This is in response to the questions raised by Sagar…
Q. Is this your own endeavour or sponsored by your company?
A. The technical work is mostly done by us as employees of our company. We do the other activities like propagating, conducting workshops, involving students etc. as members of FSF-AP. Our company has been supporting us by allowing us to take time off at times for these activities.
Q. I'm sure you'll agree that English is necessary if the students want to go to college. And they are already familiar with Windows. Why then, do you want them to shift to using Telugu Linux?

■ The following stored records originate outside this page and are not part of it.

lemma Re_colouring_weight_csqrt_nonneg:
  assumes n: "1 \<le> n" and p: "(1 - tan (pi / (4 * real n)) ^ 2) / 2 \<le> p" "p \<le> 1"
    and V: "finite V" "card V = 2 * n" "S \<subseteq> V"
  shows "0 \<le> Re (colouring_weight (csqrt (of_real (2 * p - 1))) V S)"
proof (cases "0 \<le> 2 * p - 1")
  case True
  then show ?thesis
    using p(2) by (simp add: csqrt_of_real Re_colouring_weight_of_real_nonneg)
next
  case False
  define \<phi> where "\<phi> = arctan (sqrt (1 - 2 * p))"
  have t: "csqrt (of_real (2 * p - 1)) = \<i> * of_real (tan \<phi>)"
    using False by (simp add: \<phi>_def csqrt_of_real' tan_arctan)
  have bounds: "0 < pi / (4 * real n)" "pi / (4 * real n) < pi / 2"
    using n by (simp_all add: field_simps)
  then have "sqrt (1 - 2 * p) \<le> tan (pi / (4 * real n))"
    using p(1) by (simp add: real_le_lsqrt tan_gt_zero less_imp_le)
  then have "\<phi> \<le> arctan (tan (pi / (4 * real n)))"
    unfolding \<phi>_def by (rule arctan_monotone')
  also have "\<dots> = pi / (4 * real n)"
    using bounds by (intro arctan_tan) auto
  finally have "\<phi> \<le> pi / (4 * real n)" .
  moreover have "0 \<le> \<phi>" using False by (simp add: \<phi>_def)
  ultimately show ?thesis
    unfolding t using V by (intro Re_colouring_weight_ii_tan_nonneg)
qed

definition monochromatic_edges :: "'a set \<Rightarrow> 'a set \<Rightarrow> 'a set set" where
  "monochromatic_edges V S = {e \<in> complete_edges V. e \<subseteq> S \<or> e \<inter> S = {}}"

lemma monochromatic_edges_Int_Union:
  "monochromatic_edges V (S \<inter> \<Union>A) \<inter> A = monochromatic_edges V S \<inter> A"
  unfolding monochromatic_edges_def by blast

lemma monochromatic_edges_Diff:
  "Z \<subseteq> \<Union>A \<Longrightarrow> monochromatic_edges V (\<Union>A - Z) \<inter> A = monochromatic_edges V Z \<inter> A"
  unfolding monochromatic_edges_def by blast

lemma component_monochromatic_edges:
  assumes "v \<in> V"
  shows "component V (monochromatic_edges V S) v = {w\<in>V. w \<in> S \<longleftrightarrow> v \<in> S}"
proof -
  let ?R = "{(x, y). {x, y} \<in> monochromatic_edges V S}"
  have edge: "y \<in> S \<longleftrightarrow> x \<in> S" if "(x, y) \<in> ?R" for x y
    using that complete_edges_subset_Pow[of V] unfolding monochromatic_edges_def by auto
  have "w \<in> S \<longleftrightarrow> v \<in> S" if "(v, w) \<in> ?R\<^sup>*" for w
    using that
  proof induction
    case (step y z)
    then show ?case using edge[of y z] by blast
  qed simp
  moreover have "(v, w) \<in> ?R\<^sup>*" if "w \<in> V" "w \<in> S \<longleftrightarrow> v \<in> S" for w
  proof (cases "w = v")
    case False
    then have "{v, w} \<in> monochromatic_edges V S"
      using that assms by (auto simp: monochromatic_edges_def insert_in_complete_edges)
    then show ?thesis by auto
  qed simp
  ultimately show ?thesis unfolding component_def by blast
qed

lemma largest_comp_size_monochromatic_edges:
  assumes "finite V" "card V = 2 * n" "1 \<le> n" "S \<subseteq> V"
  shows "n < largest_comp_size V (monochromatic_edges V S) \<longleftrightarrow> card S \<noteq> n"
proof -
  have card_Diff: "card (V - S) = 2 * n - card S"
    using assms by (simp add: card_Diff_subset finite_subset)
  have comp: "component V (monochromatic_edges V S) v = (if v \<in> S then S else V - S)"
    if "v \<in> V" for v
    using that assms(4) by (auto simp: component_monochromatic_edges)
  have "n < largest_comp_size V (monochromatic_edges V S)
      \<longleftrightarrow> (\<exists>v\<in>V. n < card (component V (monochromatic_edges V S) v))"
    unfolding largest_comp_size_def using assms(1-3) by (subst Max_gr_iff) auto
  also have "\<dots> \<longleftrightarrow> (\<exists>v\<in>V. n < card (if v \<in> S then S else V - S))"
    using comp by (intro bex_cong refl) presburger
  also have "\<dots> \<longleftrightarrow> card S \<noteq> n"
  proof
    assume "card S \<noteq> n"
    then consider "n < card S" | "n < card (V - S)" using card_Diff by linarith
    then show "\<exists>v\<in>V. n < card (if v \<in> S then S else V - S)"
    proof cases
      case 1
      then obtain v where "v \<in> S" by (metis all_not_in_conv card.empty not_less0)
      then show ?thesis using 1 assms(4) by auto
    next
      case 2
      then obtain v where "v \<in> V - S" by (metis all_not_in_conv card.empty not_less0)
      then show ?thesis using 2 by auto
    qed
  qed (use card_Diff in \<open>auto split: if_splits\<close>)
  finally show ?thesis .
qed

text \<open>Unless the real parts of the weights are nonnegative (they always sum to 1),
  \<open>embed_pmf\<close> yields an unspecified distribution here.\<close>

definition colouring_pmf :: "complex \<Rightarrow> 'a set \<Rightarrow> 'a set pmf" where
  "colouring_pmf t V = embed_pmf (\<lambda>S. if S \<subseteq> V then Re (colouring_weight t V S) else 0)"

definition colouring_model :: "complex \<Rightarrow> 'a set \<Rightarrow> 'a set set pmf" where
  "colouring_model t V = map_pmf (monochromatic_edges V) (colouring_pmf t V)"

locale signed_colouring =
  fixes t :: complex and V :: "'a set"
  assumes finite: "finite V"
    and real_or_imaginary: "cnj t = t \<or> cnj t = - t"
    and weight_nonneg: "\<And>S. S \<subseteq> V \<Longrightarrow> 0 \<le> Re (colouring_weight t V S)"
begin

lemma pmf_colouring_pmf:
  "pmf (colouring_pmf t V) S = (if S \<subseteq> V then Re (colouring_weight t V S) else 0)"
proof -
  let ?f = "\<lambda>S. if S \<subseteq> V then Re (colouring_weight t V S) else 0"
  have "(\<Sum>S\<in>Pow V. ennreal (?f S)) = ennreal (\<Sum>S\<in>Pow V. ?f S)"
    using weight_nonneg by (intro sum_ennreal) auto
  also have "(\<Sum>S\<in>Pow V. ?f S) = 1"
    using sum_Re_colouring_weight[OF finite, of t] by simp
  finally have "(\<integral>\<^sup>+S. ennreal (?f S) \<partial>count_space UNIV) = 1"
    using finite by (subst nn_integral_count_space'[of "Pow V"]) auto
  then show ?thesis
    unfolding colouring_pmf_def using weight_nonneg by (subst pmf_embed_pmf) auto
qed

A. When we were demonstrating Swecha, quite often people miscomprehended it to be our effort to save the Telugu language. I almost wholly disagree with that view. Swecha is not about the Telugu language, it is about the people who can be benefited by it. I will answer the question in 2 parts.
Why Telugu?
According to population census, about 65% in India are literate. Out of these, MIT (Ministry of Information Technology) statistics hold that only about 5% are educated in English. If any part of information technology (content and solutions) have to reach the remaining 95% literates, it is essential to have interfaces to computers in the local languages. In India, language divide is one of the foremost causes of digital divide. If we want to solve digital divide there is no way we can ignore the language part. So, the importance of Telugu.
When we say that we are working on providing "Telugu support for GNU/Linux", it does not mean that we expect GNOME or KDE Desktop to be used by a villager. We are working on providing architectural support for the development of new applications in native languages. Say, a village information system, crop prices or weather bulletin in the local language. Such applications can have a real impact on people. For all this, the local language support is essential.
By now, I'm sure u got my import when I say that Swecha is not really for the tech-savy mother-tongue patriot who wants to see the Desktop in his native language. It is for the millions of others who can communicate only in their native language.
Why GNU/Linux?
Sheer economics
If I were to deploy tens of thousands of computers in towns/villages to provide them with the benefits of information technology, I certainly don't want to pay a million $ to a corporate for the OS or software when I have a good (maybe better
alternative.
Freedom
This I think this the most important reason why Free Software should always be used. The philosophy is that I don't depend on anyone to solve my need. I don't want to wait praying while the corporate is doing feasibility analysis to decide if it wants to add a feature or a fix a bug for me. If a small community in Africa wanted a Desktop in their language, what are the odds that Microsoft or any other corporate would take up the project?
Present is not the Future
It may be true that Windows is the most popular desktop as of today. Given that the penetration of computers in our country is very small (estimating it to be less than a whole 1%), what significance really does the fact that these people are familiar with Windows have? When we have nearly 99% of the population waiting to be educated to use the technology, let us teach them the right thing!
Q. What stage is this project now?
A. Most of the important components are in place. We have fonts, keyboard layouts for input, browser and desktop application support for display of Telugu. Desktop string translations are in good progress. Telugu text-to-speech system with support for screen reader is ready. You can download the live cd and check out documentation at Swecha site.